Dwadzieścia dziewięć

219 26 0
                                    


Peter i Tony pospieszyli do pokoju medycznego w siedzibie, J.D leżała na łóżku na kółkach, a maska z tlenem pomagała jej oddychać.

- Jakim cudem żyje? – Peter zapytał spoglądając na J.D. – Straciła zbyt wiele krwi żeby w ogóle oddychać.

- Jest super bohaterką – tylko tyle powiedział Tony przyciskając parę guzików, które wezwały ratowników medycznych.

Ich dwójka mogła tylko patrzeć, jak odwijano bandaże J.D odkrywając blizny i rany, które sprawiały, że robiło im się niedobrze. To było bolesne; patrzenie jak lekarze przywracają ją do świadomości, wstrzykują do jej organizmu chemikalia i odprowadzają inne.

Żadne z nich nie pomyślało o bliźniaku dziewczyny, którego nigdzie nie było widać.

+++

NASTOLATK KULEJĄC, SZEDŁ ULICĄ, jego twarz zdobiło niepocieszenie. Był całkowicie wyczerpany, jedyne czego chciał, to znaleźć drogę do domu.

Dla Masona Purnella, ulice były znacznie straszniejsze nocą. Jeśli był na zewnątrz wieczorem z przyjaciółmi czy rodziną, to było w porządku, ale kiedy był sam było zupełnie inaczej. Wyraźnie się trząsł, gdy szedł tak chodnikiem, jego stopy ciągnęły się a wzrok był niewyraźny.

Pisk opon sprawił, że Mason prawie wyskoczył z własnej skóry, a jego dolna warga zadrżała, gdy przyciągnął sweter bliżej swojego ciała próbując utrzymać swoją już niską temperaturę ciała.

Ledwo rozpoznawał cokolwiek w tym mrocznym świecie, wszystko wydawało się złe i niegodne zaufania.

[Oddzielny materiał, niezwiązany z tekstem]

text \<open>Multiplicativity: pi(g*k) = (L_g)_* pi(k) + (R_k)_* pi(g).\<close>
definition multiplicative :: "('a::euclidean_space \<Rightarrow> 'a \<Rightarrow> 'a) \<Rightarrow> ('a \<Rightarrow> 'a \<Rightarrow> 'a \<Rightarrow> real) \<Rightarrow> bool" where
  "multiplicative m \<pi> \<longleftrightarrow> (\<forall>g k a b.
     \<pi> (m g k) a b =
       \<pi> k (pull (frechet_derivative (\<lambda>y. m g y) (at k)) a) (pull (frechet_derivative (\<lambda>y. m g y) (at k)) b)
     + \<pi> g (pull (frechet_derivative (\<lambda>y. m y k) (at g)) a) (pull (frechet_derivative (\<lambda>y. m y k) (at g)) b))"

definition poisson_lie :: "('a::euclidean_space \<Rightarrow> 'a \<Rightarrow> 'a) \<Rightarrow> ('a \<Rightarrow> 'a \<Rightarrow> 'a \<Rightarrow> real) \<Rightarrow> bool" where
  "poisson_lie m \<pi> \<longleftrightarrow> poisson_bivector \<pi> \<and> multiplicative m \<pi>"

definition linearization :: "'a \<Rightarrow> ('a::euclidean_space \<Rightarrow> 'a \<Rightarrow> 'a \<Rightarrow> real) \<Rightarrow> 'a \<Rightarrow> 'a \<Rightarrow> 'a \<Rightarrow> real" where
  "linearization e \<pi> X a b = frechet_derivative (\<lambda>x. \<pi> x a b) (at e) X"

definition dual_bracket :: "'a \<Rightarrow> ('a::euclidean_space \<Rightarrow> 'a \<Rightarrow> 'a \<Rightarrow> real) \<Rightarrow> 'a \<Rightarrow> 'a \<Rightarrow> ('a \<Rightarrow> real)" where
  "dual_bracket e \<pi> a b = (\<lambda>X. linearization e \<pi> X a b)"

end

theory Submission
  imports Defs
begin

text \<open>
  Fix \<open>a, b \<in> H*\<close> and put \<open>f g = \<pi>\<^sub>g((a,0),(b,0))\<close>. The \<open>H\<close>-component of the group law is
  plain addition, so the differentials of all left and right translations fix the
  \<open>H\<close>-component, and their transposes fix the covectors \<open>(a,0)\<close>. Multiplicativity of \<open>\<pi>\<close>
  therefore reads \<open>f(gk) = f g + f k\<close>, and \<open>df(e) = \<delta>*(a,b) = 0\<close>. On the abelian subgroups
  \<open>H \<times> 0\<close> and \<open>0 \<times> V\<close> the function \<open>f\<close> is additive with zero derivative at \<open>0\<close>, hence zero;
  since every element is a product \<open>(0,v) * (h,0)\<close>, \<open>f\<close> vanishes identically.

  The pull-backs only make sense once translations are differentiable, i.e. once the
  continuous representations are. For a continuous one-parameter group \<open>\<phi>\<close> of matrices,
  \<open>\<phi>(x) M = \<integral>[x, x+\<epsilon>] \<phi>\<close> where \<open>M = \<integral>[0, \<epsilon>] \<phi>\<close> is invertible for small \<open>\<epsilon>\<close>,
  so \<open>\<phi>\<close> is a difference of antiderivatives times \<open>M\<^sup>-\<^sup>1\<close> and hence differentiable.
\<close>

lemma bounded_bilinear_matrix_matrix_mult:
  "bounded_bilinear (\<lambda>(A::real^'n^'m) (B::real^'k^'n). A ** B)"
  unfolding bilinear_conv_bounded_bilinear[symmetric] bilinear_def
  by (auto intro!: linearI simp: vec_eq_iff matrix_matrix_mult_def sum.distrib algebra_simps sum_distrib_left)

lemma bounded_bilinear_matrix_vector_mult:
  "bounded_bilinear (\<lambda>(A::real^'n^'m) (x::real^'n). A *v x)"
  unfolding bilinear_conv_bounded_bilinear[symmetric] bilinear_def
  by (auto intro!: linearI simp: vec_eq_iff matrix_vector_mult_def sum.distrib algebra_simps sum_distrib_left)

lemma norm_matrix_vector_mult_le:
  fixes A :: "real^'n^'m"
  shows "norm (A *v x) \<le> norm A * norm x"
proof -
  have "norm (A *v x) \<le> norm (norm x *\<^sub>R (\<chi> i. norm (A $ i)))"
    by (rule norm_le_componentwise_cart) (simp add: matrix_mult_dot, metis Cauchy_Schwarz_ineq2 mult.commute)
  also have "\<dots> = norm x * norm (\<chi> i. norm (A $ i))"
    by simp
  also have "norm (\<chi> i. norm (A $ i)) = norm A"
    unfolding norm_vec_def by simp
  finally show ?thesis by (simp add: mult.commute)
qed

lemma invertible_if_norm_diff_scalar_less:
  fixes A :: "real^'n^'n"
  assumes "norm (A - c *\<^sub>R mat 1) < \<bar>c\<bar>"
  shows "invertible A"
proof -
  have "x = 0" if "A *v x = 0" for x
  proof (rule ccontr)
    assume "x \<noteq> 0"
    have "\<bar>c\<bar> * norm x = norm ((A - c *\<^sub>R mat 1) *v x)"
      using that by (simp add: matrix_vector_mult_diff_rdistrib scaleR_matrix_vector_assoc[symmetric])
    also have "\<dots> \<le> norm (A - c *\<^sub>R mat 1) * norm x"
      by (rule norm_matrix_vector_mult_le)
    also have "\<dots> < \<bar>c\<bar> * norm x"
      using assms \<open>x \<noteq> 0\<close> by simp
    finally show False by simp
  qed
  then have "inj ((*v) A)"
    by (simp add: linear_injective_0)
  then show ?thesis
    by (simp add: invertible_left_inverse matrix_left_invertible_injective[symmetric])
qed

lemma matrix_inv_eqI:
  fixes A B :: "real^'n^'n"
  assumes "A ** B = mat 1" and "B ** A = mat 1"
  shows "matrix_inv A = B"
proof -
  have inv: "A ** matrix_inv A = mat 1 \<and> matrix_inv A ** A = mat 1"
    unfolding matrix_inv_def by (rule someI[of _ B]) (use assms in auto)
  have "matrix_inv A = (B ** A) ** matrix_inv A" by (simp add: assms)
  also have "\<dots> = B" using inv by (simp add: matrix_mul_assoc[symmetric])
  finally show ?thesis .
qed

Czuł się samotny i nienawidził tego całym sercem.

Był tak zły na siebie za nienaładowanie telefonu, a budki telefoniczne były bardzo rzadkie w tej okolicy. Nie było tu wiele sklepów, które były otwarte o tej godzinie i chłopak nie wiedział jak daleko jest od domu.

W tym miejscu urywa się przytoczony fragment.